[Stored data entries]
=-=-=
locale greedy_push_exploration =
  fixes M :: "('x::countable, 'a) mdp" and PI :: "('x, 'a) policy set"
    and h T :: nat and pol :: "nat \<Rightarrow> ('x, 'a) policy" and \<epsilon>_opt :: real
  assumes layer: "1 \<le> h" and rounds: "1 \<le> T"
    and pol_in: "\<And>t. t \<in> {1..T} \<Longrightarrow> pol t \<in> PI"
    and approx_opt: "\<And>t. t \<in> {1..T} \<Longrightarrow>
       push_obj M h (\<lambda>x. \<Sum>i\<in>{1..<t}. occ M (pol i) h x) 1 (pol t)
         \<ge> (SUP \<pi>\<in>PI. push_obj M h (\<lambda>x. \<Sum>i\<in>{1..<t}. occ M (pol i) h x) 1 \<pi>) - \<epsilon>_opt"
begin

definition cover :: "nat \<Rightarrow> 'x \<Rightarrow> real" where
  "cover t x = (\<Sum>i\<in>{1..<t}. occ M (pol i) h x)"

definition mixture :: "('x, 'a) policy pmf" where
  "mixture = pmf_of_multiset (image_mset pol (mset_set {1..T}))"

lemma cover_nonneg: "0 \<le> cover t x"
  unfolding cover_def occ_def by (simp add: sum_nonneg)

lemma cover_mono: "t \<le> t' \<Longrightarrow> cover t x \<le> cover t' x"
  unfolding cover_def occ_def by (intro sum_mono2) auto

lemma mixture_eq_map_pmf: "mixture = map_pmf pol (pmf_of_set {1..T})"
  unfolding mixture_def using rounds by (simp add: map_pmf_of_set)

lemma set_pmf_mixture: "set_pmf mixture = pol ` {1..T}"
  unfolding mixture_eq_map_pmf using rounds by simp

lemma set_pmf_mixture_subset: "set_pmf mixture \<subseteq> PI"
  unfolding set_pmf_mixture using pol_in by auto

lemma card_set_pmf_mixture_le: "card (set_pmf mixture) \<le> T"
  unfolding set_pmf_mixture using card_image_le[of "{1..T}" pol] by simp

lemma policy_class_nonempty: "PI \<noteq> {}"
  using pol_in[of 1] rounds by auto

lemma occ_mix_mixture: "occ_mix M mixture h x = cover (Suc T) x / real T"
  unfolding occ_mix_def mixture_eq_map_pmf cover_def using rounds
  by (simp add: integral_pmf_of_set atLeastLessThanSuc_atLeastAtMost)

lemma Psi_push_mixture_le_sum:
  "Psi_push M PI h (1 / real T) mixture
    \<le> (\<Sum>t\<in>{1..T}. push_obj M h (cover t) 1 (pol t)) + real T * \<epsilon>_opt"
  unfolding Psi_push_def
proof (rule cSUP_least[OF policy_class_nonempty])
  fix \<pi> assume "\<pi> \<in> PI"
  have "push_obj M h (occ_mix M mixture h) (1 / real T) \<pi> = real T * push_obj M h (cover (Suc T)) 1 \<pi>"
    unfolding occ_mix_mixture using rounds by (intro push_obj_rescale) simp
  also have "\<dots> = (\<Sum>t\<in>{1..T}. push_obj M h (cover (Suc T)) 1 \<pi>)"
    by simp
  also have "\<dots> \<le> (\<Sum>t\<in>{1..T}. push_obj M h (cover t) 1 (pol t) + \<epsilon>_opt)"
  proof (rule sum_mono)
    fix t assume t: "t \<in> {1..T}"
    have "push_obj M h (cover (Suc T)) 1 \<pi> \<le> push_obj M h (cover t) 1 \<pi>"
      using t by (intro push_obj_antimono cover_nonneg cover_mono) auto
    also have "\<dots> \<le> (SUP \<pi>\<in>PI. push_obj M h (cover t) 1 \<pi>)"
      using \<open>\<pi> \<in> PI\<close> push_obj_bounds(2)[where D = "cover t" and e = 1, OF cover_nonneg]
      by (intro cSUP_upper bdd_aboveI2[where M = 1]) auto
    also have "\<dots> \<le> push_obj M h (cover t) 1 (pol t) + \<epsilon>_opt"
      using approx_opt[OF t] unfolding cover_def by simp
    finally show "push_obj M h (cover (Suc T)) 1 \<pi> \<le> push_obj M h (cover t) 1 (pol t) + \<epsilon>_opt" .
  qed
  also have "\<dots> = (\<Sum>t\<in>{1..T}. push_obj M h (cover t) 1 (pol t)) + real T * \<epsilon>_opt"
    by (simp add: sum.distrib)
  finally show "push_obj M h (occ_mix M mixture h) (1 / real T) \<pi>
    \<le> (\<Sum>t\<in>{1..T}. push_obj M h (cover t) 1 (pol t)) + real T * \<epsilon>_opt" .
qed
=-=-=
* [Description of the task]:
Report the number of lines above that contain the word "auto", and only that number.

* [Response to this task]:
5